Quelques jours plus tard le jeune homme était revenu remercier la jolie demoiselle et, dans l’Annexe, les suppositions, dont il m’arrivait des échos, y allaient bon train , suppositions sans doute parfaitement gratuites puisque un ou deux ans après Madeleine allait coiffer Sainte Catherine... Autres temps, autres mœurs, enfin presque....

Et puisque nous sommes dans les compétitions sportives, il me revient aussi qu’un matin d’hiver nous étions allés dans la nuit mon frère et moi jusqu’au passage à niveau pour voir arriver les voitures qui descendaient de la Butte d’Archelet (ou si l’on préfère la route de Paris) et participant au Rallye Monte-Carlo.

J’avais peut-être un petit peu plus de dix ans mais je me souviens bien qu’on se gelait en regardant arriver dans le brouillard ces voitures qui nous impressionnaient par leur volume, leur forme, leur bruit de moteur puissant, la nationalité très variée de leurs équipages et des noms de marques que nous découvrions et n’étaient sans doute connus que des aficionados.

Mais le plus surprenant pour moi ce jour là cela avait été la puissance de ces phares blancs qui nous aveuglaient en arrivant sur nous, les spectateurs , et qui faisaient immédiatement distinguer ces automobiles étrangères des françaises qui ne distillaient, selon la loi, qu’une lumière jaune comme agonisante.

Quand j’avais dix ans, 1949 fut l’année de la disparition des tramways de Bourges, et bien que n’allant pas souvent dans le centre ville à cette époque là, je me rappelle très bien avoir vu, en provenance de la gare, près de la place Mirpied la receveuse, munie d’une barre de fer, descendre du "tranvé" comme disait mon père, et se livrer à une curieuse gestuelle ... Elle enfonçait sa barre quelque part entre les pavés, la manipulait avec force puis remontait dans le tram qui redémarrait.

En fait, la ligne étant à une seule voie jusqu’à la gare, elle manœuvrait un aiguillage qui permettait à deux véhicules de se croiser avant de repartir en sens contraires.

C’est Monsieur Cothenet, qui était alors le maire de la ville.

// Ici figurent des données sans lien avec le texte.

(* Let $G$ be a group, $k$ a commutative ring and $R=\bigoplus_{\rho\in G}R_\rho$ a $G$-graded $k$-algebra; for $t\in R$ let $t_\rho$ denote its homogeneous component of degree $\rho$. Let $\mathcal C=R\otimes_k kG$ be the $R$-coring with bimodule structure $r(s\otimes\sigma)t=\sum_{\rho\in G}rst_\rho\otimes\sigma\rho$, comultiplication $\Delta(s\otimes\sigma)=(s\otimes\sigma)\otimes_R(1\otimes\sigma)$ and counit $\varepsilon(s\otimes\sigma)=s$. Identify ${}^*\mathcal C={}_R\mathrm{Hom}(\mathcal C,R)$ with the ring $\mathrm{Map}(G,R)$ of all functions $G\to R$ with multiplication $(f\#g)(\tau)=\sum_{\rho\in G}f(\tau)_\rho\,g(\tau\rho)$, and for $\sigma\in G$ let $v_\sigma\in\mathrm{Map}(G,R)$ be given by $v_\sigma(\tau)=\delta_{\sigma,\tau}$. Then for every right $\mathrm{Map}(G,R)$-module $M$, $$\mathrm{Rat}^{\mathcal C}(M)=\bigoplus_{\sigma\in G}M\cdot v_\sigma,$$ where the sum is direct, and this is a $G$-graded right $R$-module with $(M\cdot v_\sigma)R_\rho\subseteq M\cdot v_{\sigma\rho}$ (with $R$ acting through the embedding $r\mapsto(\sigma\mapsto r)$ of $R$ into $\mathrm{Map}(G,R)$). In particular $\mathrm{Rat}^{\mathcal C}$ is exact.
   Context: For a ring $R$ and an $R$-coring $\mathcal C$ (an $R$-bimodule with coassociative counital bimodule maps $\Delta:\mathcal C\to\mathcal C\otimes_R\mathcal C$, $\varepsilon:\mathcal C\to R$, $\Delta(c)=c_{(1)}\otimes c_{(2)}$), ${}^*\mathcal C={}_R\mathrm{Hom}(\mathcal C,R)$ is a ring with product $(f\#g)(c)=g(c_{(1)}f(c_{(2)}))$. For a right ${}^*\mathcal C$-module $M$, $\mathrm{Rat}^{\mathcal C}(M)$ is the set of $m\in M$ for which there is $\sum_i m_i\otimes c_i\in M\otimes_R\mathcal C$ with $m\cdot f=\sum_i m_if(c_i)$ for all $f\in{}^*\mathcal C$. The identification ${}^*\mathcal C\cong\mathrm{Map}(G,R)$ sends $\varphi$ to $\sigma\mapsto\varphi(1\otimes\sigma)$. *)

theory Defs
  imports Main
begin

Il passait pour quelqu’un de très soucieux des finances de la ville comme des siennes et dépensait à ce qu’on disait le moins possible.

On lui prête même cette habitude de ramasser le crottin dans la rue devant chez lui pour fumer la terre de son jardin. Mais je ne me souviens pas d’avoir vu de chevaux dans les rues de Bourges.

En revanche j’ai dû le croiser une ou deux fois, peut être d’ailleurs quelques années plus tard, mais il impressionnait à cause des bacchantes fin XIXe siècle qu’il portait et qui me le faisaient paraître plus vieux que mon grand père pourtant largement son aîné.